Start of Study material

(* Let $\tau$ be a non-scalar tame inertial type, $(J,r)$ a maximal refined shape for $\tau$, and $\mathfrak{P}\in\mathrm{Ext}^1_{\mathbb F}(\mathfrak{M},\mathfrak{N})$ an extension of type $\tau$ and refined shape $(J,r)$ (where $(\mathfrak M,\mathfrak N)$ is a pair of rank one modules of refined shape $(J,r)$). Let $D=D(\mathfrak{P})$ be its Dieudonné module. Then for each $i\in\mathbb{Z}/f'\mathbb{Z}$: if $i\in J$ then $F=0$ on $D_{\eta,i-1}$, and if $i\notin J$ then $V=0$ on $D_{\eta,i}$.
   Context: Setup. $p$ odd prime, $K/\mathbb Q_p$ finite with residue field of size $p^f$, ramification index $e$; $L/K$ unramified quadratic; $\pi$ uniformiser of $K$. $\tau=\eta\oplus\eta'$ non-scalar tame inertial type (ordering fixed): principal series ($\eta\ne\eta'$ both extend to $G_K$) or cuspidal ($\eta'=\eta^{p^f}\ne\eta$, $\eta$ extends to $G_L$). $K'=K(\pi^{1/(p^f-1)})$, $f'=f$, or $K'=L(\pi^{1/(p^{2f}-1)})$, $f'=2f$; $k'$ residue field of $K'$; $e'=e(p^{f'}-1)$; $\pi'=\pi^{1/(p^{f'}-1)}$; $E(u)$ its minimal polynomial over $W(k')[1/p]$; $h(g)\in k'$ reduction of $g(\pi')/\pi'$. $\mathbb F$ finite field containing images of $k'$ and of $\bar\eta,\bar\eta'$; $\sigma_i:k'\hookrightarrow\mathbb F$, $\sigma_{i+1}^p=\sigma_i$; $e_i\in k'\otimes\mathbb F$ the idempotents with $(x\otimes1)e_i=(1\otimes\sigma_i(x))e_i$. $k_i,k'_i\in\mathbb Z/(p^{f'}-1)$ with $\bar\eta=\sigma_i\circ h^{k_i}$, $\bar\eta'=\sigma_i\circ h^{k'_i}$ on $I(K'/K)$; $[n]$ least non-negative residue mod $p^{f'}-1$. Rank one modules $\mathfrak M(r,a,c)$ over $\mathfrak S_\mathbb F=(k'\otimes\mathbb F)[[u]]$: $e_i\mathfrak M=\mathbb F[[u]]m_i$, $\Phi(1\otimes m_{i-1})=a_iu^{r_i}m_i$, $\hat g(\sum m_i)=\sum h(g)^{c_i}m_i$. A pair $(\mathfrak M(r,a,c),\mathfrak M(s,b,d))$ has type $\tau$ if $\{c_i,d_i\}=\{k_i,k'_i\}$ and $r_i+s_i=e'$; its shape is $J=\{i:c_i=k_i\}$ and refined shape $(J,r)$; $(i-1,i)$ is a transition if exactly one of $i-1,i$ lies in $J$; $(J,r)$ is maximal if $r_i=e'$ at non-transitions and $r_i=e'-[c_i-d_i]$ at transitions. $\mathrm{Ext}^1_{\mathbb F}$ is taken in the category of $\mathfrak S_\mathbb F$-modules with $\varphi$-semilinear endomorphism and commuting semilinear descent data; every such extension $\mathfrak P$ of this pair is a rank two Breuil–Kisin module of height $\le1$ and type $\tau$. Dieudonné module: $D(\mathfrak P)=\mathfrak P/u\mathfrak P$ with the induced $\mathrm{Gal}(K'/K)$-action, $F$ induced by $\varphi_\mathfrak P$, and $V=c^{-1}\mathfrak V \bmod u$, where $E(0)=cp$ and $\mathfrak V$ is the unique map with $\mathfrak V\circ\varphi_{\mathfrak P}=E(u)$. $D_\eta$ is the submodule on which $I(K'/K)$ acts via $\bar\eta$, and $D_{\eta,i}=e_iD_\eta$; $F$ maps $D_{\eta,i}\to D_{\eta,i+1}$ and $V$ maps $D_{\eta,i+1}\to D_{\eta,i}$. *)

theory Defs
  imports "HOL-Computational_Algebra.Formal_Power_Series" "HOL-Computational_Algebra.Primes"
begin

End of Study material

Problem statement
Retype the data. Keep every word as it stands.

Solution to the exercise
(* Let $\tau$ be a non-scalar tame inertial type, $(J,r)$ a maximal refined shape for $\tau$, and $\mathfrak{P}\in\mathrm{Ext}^1_{\mathbb F}(\mathfrak{M},\mathfrak{N})$ an extension of type $\tau$ and refined shape $(J,r)$ (where $(\mathfrak M,\mathfrak N)$ is a pair of rank one modules of refined shape $(J,r)$). Let $D=D(\mathfrak{P})$ be its Dieudonné module. Then for each $i\in\mathbb{Z}/f'\mathbb{Z}$: if $i\in J$ then $F=0$ on $D_{\eta,i-1}$, and if $i\notin J$ then $V=0$ on $D_{\eta,i}$.
   Context: Setup. $p$ odd prime, $K/\mathbb Q_p$ finite with residue field of size $p^f$, ramification index $e$; $L/K$ unramified quadratic; $\pi$ uniformiser of $K$. $\tau=\eta\oplus\eta'$ non-scalar tame inertial type (ordering fixed): principal series ($\eta\ne\eta'$ both extend to $G_K$) or cuspidal ($\eta'=\eta^{p^f}\ne\eta$, $\eta$ extends to $G_L$). $K'=K(\pi^{1/(p^f-1)})$, $f'=f$, or $K'=L(\pi^{1/(p^{2f}-1)})$, $f'=2f$; $k'$ residue field of $K'$; $e'=e(p^{f'}-1)$; $\pi'=\pi^{1/(p^{f'}-1)}$; $E(u)$ its minimal polynomial over $W(k')[1/p]$; $h(g)\in k'$ reduction of $g(\pi')/\pi'$. $\mathbb F$ finite field containing images of $k'$ and of $\bar\eta,\bar\eta'$; $\sigma_i:k'\hookrightarrow\mathbb F$, $\sigma_{i+1}^p=\sigma_i$; $e_i\in k'\otimes\mathbb F$ the idempotents with $(x\otimes1)e_i=(1\otimes\sigma_i(x))e_i$. $k_i,k'_i\in\mathbb Z/(p^{f'}-1)$ with $\bar\eta=\sigma_i\circ h^{k_i}$, $\bar\eta'=\sigma_i\circ h^{k'_i}$ on $I(K'/K)$; $[n]$ least non-negative residue mod $p^{f'}-1$. Rank one modules $\mathfrak M(r,a,c)$ over $\mathfrak S_\mathbb F=(k'\otimes\mathbb F)[[u]]$: $e_i\mathfrak M=\mathbb F[[u]]m_i$, $\Phi(1\otimes m_{i-1})=a_iu^{r_i}m_i$, $\hat g(\sum m_i)=\sum h(g)^{c_i}m_i$. A pair $(\mathfrak M(r,a,c),\mathfrak M(s,b,d))$ has type $\tau$ if $\{c_i,d_i\}=\{k_i,k'_i\}$ and $r_i+s_i=e'$; its shape is $J=\{i:c_i=k_i\}$ and refined shape $(J,r)$; $(i-1,i)$ is a transition if exactly one of $i-1,i$ lies in $J$; $(J,r)$ is maximal if $r_i=e'$ at non-transitions and $r_i=e'-[c_i-d_i]$ at transitions. $\mathrm{Ext}^1_{\mathbb F}$ is taken in the category of $\mathfrak S_\mathbb F$-modules with $\varphi$-semilinear endomorphism and commuting semilinear descent data; every such extension $\mathfrak P$ of this pair is a rank two Breuil–Kisin module of height $\le1$ and type $\tau$. Dieudonné module: $D(\mathfrak P)=\mathfrak P/u\mathfrak P$ with the induced $\mathrm{Gal}(K'/K)$-action, $F$ induced by $\varphi_\mathfrak P$, and $V=c^{-1}\mathfrak V \bmod u$, where $E(0)=cp$ and $\mathfrak V$ is the unique map with $\mathfrak V\circ\varphi_{\mathfrak P}=E(u)$. $D_\eta$ is the submodule on which $I(K'/K)$ acts via $\bar\eta$, and $D_{\eta,i}=e_iD_\eta$; $F$ maps $D_{\eta,i}\to D_{\eta,i+1}$ and $V$ maps $D_{\eta,i+1}\to D_{\eta,i}$. *)

theory Defs
  imports "HOL-Computational_Algebra.Formal_Power_Series" "HOL-Computational_Algebra.Primes"
begin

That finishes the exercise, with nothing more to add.